▶ [What this task involves]:
Please state how many lines of the material contain "assms", giving nothing but the number.

▶ [Data extracts]:

---------------

lemma transitive_on_iff_index_stabilizer:
  assumes fin: "finite (carrier G)" and S: "subgroup S (hol G)"
  shows "transitive_on G S \<longleftrightarrow> card S div card {g \<in> S. fst g = \<one>} = order G"
proof -
  have "0 < card {g \<in> S. fst g = \<one>}"
    using subgroup.finite_imp_card_positive[OF subgroup_hol_stabilizer[OF S] finite_hol[OF fin]] .
  then have "card S div card {g \<in> S. fst g = \<one>} = card (fst ` S)"
    using card_subgroup_hol_orbit_stabilizer[OF fin S] by simp
  moreover have "fst ` S = carrier G \<longleftrightarrow> card (fst ` S) = order G"
  proof -
    have "fst ` S \<subseteq> carrier G"
      using subgroup.subset[OF S] by (auto simp: carrier_hol)
    then show ?thesis
      using fin by (metis card_subset_eq order_def)
  qed
  ultimately show ?thesis
    using transitive_on_iff_fst_image[OF S] by simp
qed

end

theorem lemma2p1:
  fixes N :: "('a, 'b) monoid_scheme"
    and Q G H :: "('a \<times> ('a \<Rightarrow> 'a)) set"
  assumes "group N" and "finite (carrier N)"
    and "hall_subgroup (prime_divs (order N)) (hol N) Q"
    and "\<forall>Q'. hall_subgroup (prime_divs (order N)) (hol N) Q' \<longrightarrow> Q' = Q"
    and "subgroup G (hol N)" and "subgroup H (hol N)" and "H \<subseteq> G"
  shows "(transitive_on N G \<longrightarrow> transitive_on N (G \<inter> Q))
       \<and> ((\<forall>p. Factorial_Ring.prime (p::nat) \<and> p dvd (card G div card H) \<longrightarrow> p dvd order N)
           \<longrightarrow> card G div card H = card (G \<inter> Q) div card (H \<inter> Q))"
proof -
  note fin = assms(2) and hall = assms(3) and G = assms(5)
  interpret N: group N by (rule assms(1))
  interpret K: group "hol N" by (rule N.group_hol)
  have "Q \<lhd> hol N"
    using K.hall_subgroup_unique_imp_normal[OF hall assms(4)] .
  then have index: "card S div card T = card (S \<inter> Q) div card (T \<inter> Q)"
    if "subgroup S (hol N)" "subgroup T (hol N)" "T \<subseteq> S"
      "pi_number (prime_divs (order N)) (card S div card T)" for S T
    using K.index_eq_index_Int_normal_hall_subgroup[OF N.finite_hol[OF fin] hall _ that] by blast
  have "transitive_on N (G \<inter> Q)" if "transitive_on N G"
  proof -
    let ?G\<^sub>1 = "{g \<in> G. fst g = \<one>\<^bsub>N\<^esub>}"
    have G\<^sub>1: "subgroup ?G\<^sub>1 (hol N)"
      using N.subgroup_hol_stabilizer[OF G] .
    have "card G div card ?G\<^sub>1 = order N"
      using that N.transitive_on_iff_index_stabilizer[OF fin G] by simp
    then have "card (G \<inter> Q) div card (?G\<^sub>1 \<inter> Q) = order N"
      using index[OF G G\<^sub>1] by (auto simp: pi_number_def prime_divs_def)
    moreover have "{g \<in> G \<inter> Q. fst g = \<one>\<^bsub>N\<^esub>} = ?G\<^sub>1 \<inter> Q"
      by blast
    moreover have "subgroup (G \<inter> Q) (hol N)"
      using G hall by (simp add: K.subgroups_Inter_pair hall_subgroup_def)
    ultimately show ?thesis
      using N.transitive_on_iff_index_stabilizer[OF fin] by simp
  qed
  moreover have "(\<forall>p. Factorial_Ring.prime p \<and> p dvd (card G div card H) \<longrightarrow> p dvd order N)
      \<Longrightarrow> card G div card H = card (G \<inter> Q) div card (H \<inter> Q)"
    using index[OF G assms(6,7)] by (simp add: pi_number_def prime_divs_def)
  ultimately show ?thesis
    by blast
qed

end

---------------

▶ [Reply to the task]:
4